The institution was designed, in the most subtle of application, to do that. When South Africans inherited the institution, the revolution that we anticipated would take place and be central to the upheaval of the historical conditions and those things that confined us, was in the hearts, minds, bosoms and expectations of everyone. Only to discover that 14 years later I’m sitting in South Africa, listening to South Africans bitterly complain about the extent to which the SABC has either been unable or unwilling to open the process so that South African citizens can become more greatly informed, more greatly inspired, better able to identify who they are, see the enemy more clearly. And then I have to say, ‘there is a need for service here.’ What can I bring to the table? I don’t bring any special wisdom or any special gift as an artist. There are too many people who are wise and gifted.

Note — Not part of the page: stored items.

(* Let $\mathcal{M}:R\to A_2B_2$ be a quantum channel with $B_2$ classical such that for every register $R'$ and every state $\omega_{RR'}$, $\rho_{A_2B_2R'}=\mathcal{M}(\omega_{RR'})$ satisfies $\rho_{B_2R'}=\rho_{B_2}\otimes\omega_{R'}$. Let $\omega_{A_1B_1R}$ be a state and $\rho_{A_1B_1A_2B_2}=\mathcal{M}(\omega_{A_1B_1R})$. Let $\nu_{A_1B_1A_2B_2}$ be any state with $\nu_{A_2B_2|A_1B_1}=\rho_{A_2B_2|A_1B_1}$ and $\mathrm{supp}(\nu_{A_1B_1})=\mathrm{supp}(\rho_{A_1B_1})$. Then there exists a state $\omega'_{A_1B_1R}$ with $\mathcal{M}(\omega'_{A_1B_1R})=\nu_{A_1B_1A_2B_2}$.
   Context: All spaces finite-dimensional. For a state $\rho_{XY}$, the conditional operator is $\rho_{X|Y}=\rho_Y^{-1/2}\rho_{XY}\rho_Y^{-1/2}$, with the inverse taken on the support of $\rho_Y$. Channels act as the identity on systems they do not act on. *)

theory Defs
  imports "Jordan_Normal_Form.Schur_Decomposition"
begin

(* Conventions: a register of dimension d is C^d; operators are complex d x d matrices.
   Tensor products use the Kronecker convention: for X (x) Y, index (i,j) of X and
   (k,l) of Y become index (i*dY + k, j*dY + l). *)

definition mtrace :: "complex mat \<Rightarrow> complex" where
  "mtrace A = (\<Sum>i<dim_row A. A $$ (i,i))"

definition psd :: "nat \<Rightarrow> complex mat \<Rightarrow> bool" where
  "psd n A \<longleftrightarrow> A \<in> carrier_mat n n \<and>
     (\<forall>v \<in> carrier_vec n. Im (conjugate v \<bullet> (A *\<^sub>v v)) = 0 \<and> Re (conjugate v \<bullet> (A *\<^sub>v v)) \<ge> 0)"

definition density :: "nat \<Rightarrow> complex mat \<Rightarrow> bool" where
  "density n A \<longleftrightarrow> psd n A \<and> mtrace A = 1"

definition tensor_mat :: "complex mat \<Rightarrow> complex mat \<Rightarrow> complex mat" where
  "tensor_mat A B = mat (dim_row A * dim_row B) (dim_col A * dim_col B)
     (\<lambda>(i,j). A $$ (i div dim_row B, j div dim_col B) * B $$ (i mod dim_row B, j mod dim_col B))"

definition ptrace_right :: "nat \<Rightarrow> nat \<Rightarrow> complex mat \<Rightarrow> complex mat" where
  "ptrace_right dX dY A = mat dX dX (\<lambda>(i,j). \<Sum>k<dY. A $$ (i*dY + k, j*dY + k))"

definition ptrace_left :: "nat \<Rightarrow> nat \<Rightarrow> complex mat \<Rightarrow> complex mat" where
  "ptrace_left dX dY A = mat dY dY (\<lambda>(i,j). \<Sum>k<dX. A $$ (k*dY + i, k*dY + j))"

(* trace out the middle factor Y of X (x) Y (x) Z, leaving X (x) Z *)
definition ptrace_mid :: "nat \<Rightarrow> nat \<Rightarrow> nat \<Rightarrow> complex mat \<Rightarrow> complex mat" where
  "ptrace_mid dX dY dZ A = mat (dX*dZ) (dX*dZ) (\<lambda>(i,j). \<Sum>k<dY.
      A $$ (((i div dZ)*dY + k)*dZ + i mod dZ, ((j div dZ)*dY + k)*dZ + j mod dZ))"

(* id_n (x) M applied to an operator on C^n (x) C^dI (blockwise application of M);
   the untouched register comes first. *)
definition ext_chan :: "nat \<Rightarrow> nat \<Rightarrow> nat \<Rightarrow> (complex mat \<Rightarrow> complex mat) \<Rightarrow> complex mat \<Rightarrow> complex mat" where
  "ext_chan n dI dO M X = mat (n*dO) (n*dO) (\<lambda>(i,j).
      M (mat dI dI (\<lambda>(k,l). X $$ ((i div dO)*dI + k, (j div dO)*dI + l))) $$ (i mod dO, j mod dO))"

definition quantum_channel :: "nat \<Rightarrow> nat \<Rightarrow> (complex mat \<Rightarrow> complex mat) \<Rightarrow> bool" where
  "quantum_channel dI dO M \<longleftrightarrow>
     (\<forall>X \<in> carrier_mat dI dI. M X \<in> carrier_mat dO dO) \<and>
     (\<forall>X \<in> carrier_mat dI dI. \<forall>Y \<in> carrier_mat dI dI. M (X + Y) = M X + M Y) \<and>
     (\<forall>X \<in> carrier_mat dI dI. \<forall>c. M (c \<cdot>\<^sub>m X) = c \<cdot>\<^sub>m M X) \<and>
     (\<forall>X \<in> carrier_mat dI dI. mtrace (M X) = mtrace X) \<and>
     (\<forall>n X. psd (n*dI) X \<longrightarrow> psd (n*dO) (ext_chan n dI dO M X))"

definition unitary_mat :: "nat \<Rightarrow> complex mat \<Rightarrow> bool" where
  "unitary_mat n U \<longleftrightarrow> U \<in> carrier_mat n n \<and> mat_adjoint U * U = 1\<^sub>m n \<and> U * mat_adjoint U = 1\<^sub>m n"

definition mat_fun :: "(real \<Rightarrow> real) \<Rightarrow> complex mat \<Rightarrow> complex mat" where
  "mat_fun f A = (SOME B. \<exists>U d. unitary_mat (dim_row A) U \<and>
      A = U * mat_diag (dim_row A) (\<lambda>i. complex_of_real (d i)) * mat_adjoint U \<and>
      B = U * mat_diag (dim_row A) (\<lambda>i. complex_of_real (f (d i))) * mat_adjoint U)"

definition inv_sqrt_supp :: "complex mat \<Rightarrow> complex mat" where
  "inv_sqrt_supp A = mat_fun (\<lambda>x. if x > 0 then 1 / sqrt x else 0) A"

(* conditional operator rho_{X|Y} for rho on Y (x) X (conditioning register Y first) *)
definition cond_op :: "nat \<Rightarrow> nat \<Rightarrow> complex mat \<Rightarrow> complex mat" where
  "cond_op dY dX rho =
     (let S = tensor_mat (inv_sqrt_supp (ptrace_right dY dX rho)) (1\<^sub>m dX) in S * rho * S)"

definition supp :: "complex mat \<Rightarrow> complex vec set" where
  "supp A = {A *\<^sub>v v | v. v \<in> carrier_vec (dim_col A)}"

(* the output register B (second factor of A (x) B) is classical: outputs are
   block diagonal w.r.t. the computational basis of B *)
definition classical_output_B :: "nat \<Rightarrow> nat \<Rightarrow> nat \<Rightarrow> (complex mat \<Rightarrow> complex mat) \<Rightarrow> bool" where
  "classical_output_B dI dA dB M \<longleftrightarrow>
     (\<forall>X. density dI X \<longrightarrow> (\<forall>i j. i < dA*dB \<longrightarrow> j < dA*dB \<longrightarrow> i mod dB \<noteq> j mod dB \<longrightarrow> M X $$ (i,j) = 0))"

end

(* Write \<nu>_A and \<rho>_A for the marginals of \<nu> and \<rho> on A1B1 and take
   \<omega>' = (K \<otimes> 1) \<omega> (K \<otimes> 1)^H with K = \<nu>_A^(1/2) \<rho>_A^(-1/2).  Since M acts on R only,
   M(\<omega>') = (K \<otimes> 1) \<rho> (K^H \<otimes> 1) = (\<nu>_A^(1/2) \<otimes> 1) \<rho>_(A2B2|A1B1) (\<nu>_A^(1/2) \<otimes> 1), and
   replacing \<rho>_(A2B2|A1B1) by \<nu>_(A2B2|A1B1) turns this into (P \<otimes> 1) \<nu> (P \<otimes> 1), where P is
   the support projection of \<nu>_A.  This equals \<nu>: for u in the kernel of \<nu>_A every vector
   u \<otimes> e_q is a null vector of the positive semidefinite \<nu>.  Finally \<omega>' is positive by
   congruence and has trace 1 because M preserves the trace. *)

theory Submission
  imports Defs
begin

lemma index_mult_mat_sum:
  assumes "A \<in> carrier_mat r n" "B \<in> carrier_mat n c" "i < r" "j < c"
  shows "(A * B) $$ (i,j) = (\<Sum>k<n. A $$ (i,k) * B $$ (k,j))"
  using assms by (simp add: scalar_prod_def lessThan_atLeast0)

lemma index_mult_mat_vec_sum:
  "A \<in> carrier_mat r n \<Longrightarrow> v \<in> carrier_vec n \<Longrightarrow> i < r \<Longrightarrow> (A *\<^sub>v v) $ i = (\<Sum>k<n. A $$ (i,k) * v $ k)"
  by (simp add: scalar_prod_def lessThan_atLeast0)

lemma mat_adjoint_dim[simp]:
  "dim_row (mat_adjoint A) = dim_col A" "dim_col (mat_adjoint A) = dim_row A"
  unfolding mat_adjoint_def by auto

lemma mat_adjoint_carrier[simp, intro]: "A \<in> carrier_mat r c \<Longrightarrow> mat_adjoint A \<in> carrier_mat c r"
  unfolding carrier_mat_def by simp

lemma index_mat_adjoint[simp]:
  fixes A :: "complex mat"
  shows "i < dim_col A \<Longrightarrow> j < dim_row A \<Longrightarrow> mat_adjoint A $$ (i,j) = cnj (A $$ (j,i))"
  unfolding mat_adjoint_def by (simp add: mat_of_rows_def)

lemma mat_adjoint_adjoint[simp]: "mat_adjoint (mat_adjoint A) = (A :: complex mat)"
  by (rule eq_matI) simp_all

lemma mat_adjoint_mult:
  fixes A B :: "complex mat"
  assumes A: "A \<in> carrier_mat r n" and B: "B \<in> carrier_mat n c"
  shows "mat_adjoint (A * B) = mat_adjoint B * mat_adjoint A"
proof (rule eq_matI)
  fix i j assume "i < dim_row (mat_adjoint B * mat_adjoint A)" "j < dim_col (mat_adjoint B * mat_adjoint A)"
  then have ij: "i < c" "j < r" using assms by auto
  have "mat_adjoint (A * B) $$ (i,j) = cnj ((A * B) $$ (j,i))" using ij assms by simp
  also have "\<dots> = (\<Sum>k<n. cnj (A $$ (j,k)) * cnj (B $$ (k,i)))"
    by (subst index_mult_mat_sum[OF A B ij(2) ij(1)]) (simp add: cnj_sum)
  also have "\<dots> = (mat_adjoint B * mat_adjoint A) $$ (i,j)"
    by (subst index_mult_mat_sum[OF mat_adjoint_carrier[OF B] mat_adjoint_carrier[OF A] ij])
      (rule sum.cong, use ij in \<open>auto simp: carrier_matD[OF A] carrier_matD[OF B] mult.commute\<close>)
  finally show "mat_adjoint (A * B) $$ (i,j) = (mat_adjoint B * mat_adjoint A) $$ (i,j)" .
qed (use assms in simp_all)

lemma mat_adjoint_one[simp]: "mat_adjoint (1\<^sub>m n) = (1\<^sub>m n :: complex mat)"
  by (rule eq_matI) (auto simp: one_mat_def)

lemma mat_adjoint_zero[simp]: "mat_adjoint (0\<^sub>m r c) = (0\<^sub>m c r :: complex mat)"
  by (rule eq_matI) auto

lemma mat_adjoint_diag_real[simp]:
  "mat_adjoint (mat_diag n (\<lambda>i. complex_of_real (d i))) = mat_diag n (\<lambda>i. complex_of_real (d i))"
  by (rule eq_matI) (auto simp: mat_diag_def)

lemma mat_adjoint_four_block:
  fixes A B C D :: "complex mat"
  assumes "A \<in> carrier_mat ra ca" "B \<in> carrier_mat ra cb" "C \<in> carrier_mat rb ca" "D \<in> carrier_mat rb cb"
  shows "mat_adjoint (four_block_mat A B C D) =
    four_block_mat (mat_adjoint A) (mat_adjoint C) (mat_adjoint B) (mat_adjoint D)"
  by (rule eq_matI) (use assms in auto)

lemma row_mat_adjoint: "i < dim_col A \<Longrightarrow> row (mat_adjoint A) i = conjugate (col A i)"
  by (rule eq_vecI) (simp_all add: mat_adjoint_def)

lemma scalar_prod_mat_adjoint:
  fixes B :: "complex mat"
  assumes B: "B \<in> carrier_mat m n" and v: "v \<in> carrier_vec m" and y: "y \<in> carrier_vec n"
  shows "conjugate v \<bullet> (B *\<^sub>v y) = conjugate (mat_adjoint B *\<^sub>v v) \<bullet> y"
proof -
  have "conjugate v \<bullet> (B *\<^sub>v y) = (\<Sum>i<m. \<Sum>j<n. cnj (v$i) * B $$ (i,j) * y$j)"
    using assms by (simp add: scalar_prod_def lessThan_atLeast0 index_mult_mat_vec_sum[OF B y]
        sum_distrib_left mult.assoc del: index_mult_mat_vec)
  also have "\<dots> = (\<Sum>j<n. cnj ((mat_adjoint B *\<^sub>v v) $ j) * y $ j)"
    using assms by (subst sum.swap)
      (simp add: index_mult_mat_vec_sum[of _ n m] cnj_sum sum_distrib_left mult_ac del: index_mult_mat_vec)
  also have "\<dots> = conjugate (mat_adjoint B *\<^sub>v v) \<bullet> y"
    using assms by (simp add: scalar_prod_def lessThan_atLeast0)
  finally show ?thesis .
qed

What I do, however, exploit, is how long I’ve been here. And I have been in so many milestones, in the liberation struggle. Most central of the struggles and liberations, being my own, as a child born in the great depression, in the USA. My first experience about Africa was based upon cinema – upon the power of the visual. My introduction to Africa was Tarzan. I sat, as a Black child, in the movie house, and what I saw stunned me, confused me, shamed me and put me into a place that was hard to extricate myself from because there were very few forces to contradict what I saw because we didn’t have the privilege and the capacity to communicate otherwise. I saw Tarzan, I saw Africa. I saw this white man swing from the trees. His greatest intellectual offering was; aaahh-yaaah! And around him were all these indigenous people who couldn’t do jack s**t! And so, the last thing I wanted to be when I left that theater was an African – I didn’t wanna know them.
(tape change)…in an admiral’s suit, and a funny admiral’s hat in the parade, and he was from Jamaica. And after we got past the costume, I tried to fathom what the passion my mother and everyone saw in what this African was saying. And when she saw me in this place of conflict, she began to move me through a system of information. … And Hailie Selasie went before the League of Nations and we saw a story in the Black newsreel. I saw an African that was quite different than any that I had seen. But, I was a catholic, and I was ordered to be subservient to the commands of the church! So I was confused when, in the newsreel, a few Sundays later, I saw the Pope bless the Italian troops going off to Ethiopia, to murder poor Black people. My world was turned upside down with all the contradictions. I was bouncing around looking for identity, purpose and for how I was going to survive in the midst of all of this misinformation. My mother took me back to the island because she saw the safe keeping in her early years when she grew up in St. Anne. It was far safer for her children that the wild street of New York City with all the oppression, anger and rage. Even as a person of color, I was still isolated in Harlem because we were Caribbeans. So we had to negotiate with African-Americans and the Black hierarchy so they could see if they could find a place to accommodate us.
Who is at the end of the information chain? Who controls that and why? And how does it feed their interests? And if their interests are fed as they desire, why is it at such an inhuman expense? Why are we constantly looking for a place in which to see ourselves and find ourselves and know who we are? When I was born, I was first identified as a colored. And not too long after that, because of Dr W.E.B. DuBois – and others who have enriched our experience with their wisdom and their power – [I was] called Negro. And not too long after that – in another case of rebellion – I was soon Black. The last of the titles became, ‘African-American!’ I said to myself, ‘we’re getting somewhere here.’ But to be in the belly of the beast, where three quarters of a century of a life, was distracted by just trying to find a title, was not what provoked others.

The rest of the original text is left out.